Además, la operación del obeso, ineficiente y costoso aparato estatal tiene al país sumido en una grave crisis fiscal y, como solución, se pretende endeudarnos más, en vez de hacer antes una justa y necesaria reforma del Estado.
Es urgente que nuestros líderes políticos mediten y sean conscientes de que su responsabilidad en el bienestar no es solo con quienes laboran en las instituciones estatales, sino para con todos los habitantes del territorio nacional.

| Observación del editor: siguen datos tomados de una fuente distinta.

(* Let $A=[a_{ij}]\in\mathcal{M}_3(\mathbb{H})$ be a strictly upper triangular (hence nilpotent) matrix. Then $W(A)$ is a closed disk centered at the origin if and only if $A$ is cycle-free, i.e. if and only if $a_{12}a_{13}a_{23}=0$ (at least one of $a_{12},a_{13},a_{23}$ vanishes).
   Context: $\mathbb{H}$ denotes the real quaternions. The numerical range of $A\in\mathcal{M}_n(\mathbb{H})$ is $W(A)=\{\mathbf{x}^*A\mathbf{x}:\mathbf{x}\in\mathbb{H}^n,\ \mathbf{x}^*\mathbf{x}=1\}$; a closed disk centered at the origin is $\{q\in\mathbb{H}:|q|\le r\}$ for some $r\ge0$. The graph $\mathcal{G}_A$ of $A=[a_{ij}]$ is the undirected graph on $\{1,\dots,n\}$ with an edge between $i$ and $j$ (a loop if $i=j$) whenever $a_{ij}\ne0$ or $a_{ji}\ne0$; $A$ is cycle-free if $\mathcal{G}_A$ contains no cycle. *)

theory Defs
  imports Complex_Main
begin

datatype quat = Quat (qRe: real) (qI: real) (qJ: real) (qK: real)

instantiation quat :: "{zero, plus, times}"
begin
definition zero_quat_def: "0 = Quat 0 0 0 0"
definition plus_quat_def:
  "p + q = Quat (qRe p + qRe q) (qI p + qI q) (qJ p + qJ q) (qK p + qK q)"
text \<open>Hamilton product, with i^2 = j^2 = k^2 = ijk = -1.\<close>
definition times_quat_def:
  "p * q = Quat
     (qRe p * qRe q - qI p * qI q - qJ p * qJ q - qK p * qK q)
     (qRe p * qI q + qI p * qRe q + qJ p * qK q - qK p * qJ q)
     (qRe p * qJ q - qI p * qK q + qJ p * qRe q + qK p * qI q)
     (qRe p * qK q + qI p * qJ q - qJ p * qI q + qK p * qRe q)"
instance ..
end

instance quat :: comm_monoid_add
  by standard (simp_all add: plus_quat_def zero_quat_def algebra_simps)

Causa tristeza y molestia saber que hemos llegado a un límite peligroso para nuestra democracia y que ni siquiera la crisis fiscal y la pandemia juntas hayan podido hacer comprender a Carlos Alvarado, a su partido y a muchos otros políticos que el estatismo iniciado hace 50 años no debe continuar, es clasista: muy bueno para muy pocos y muy malo para la gran mayoría, es decir, dañino para la democracia.
Reforma del Estado. No hace falta ser economista para entender que antes de pedir prestado al Fondo Monetario Internacional y endeudar más el país, el gobierno debe recorta gastos, vender activos —lo cual no significa crear desempleo, los activos sin empleados no funcionan—, eliminar entes innecesarios u obsoletos y aprobar una ley de empleo público que elimine las convenciones colectivas y no deje abiertos portillos que aumenten el costo de la planilla estatal.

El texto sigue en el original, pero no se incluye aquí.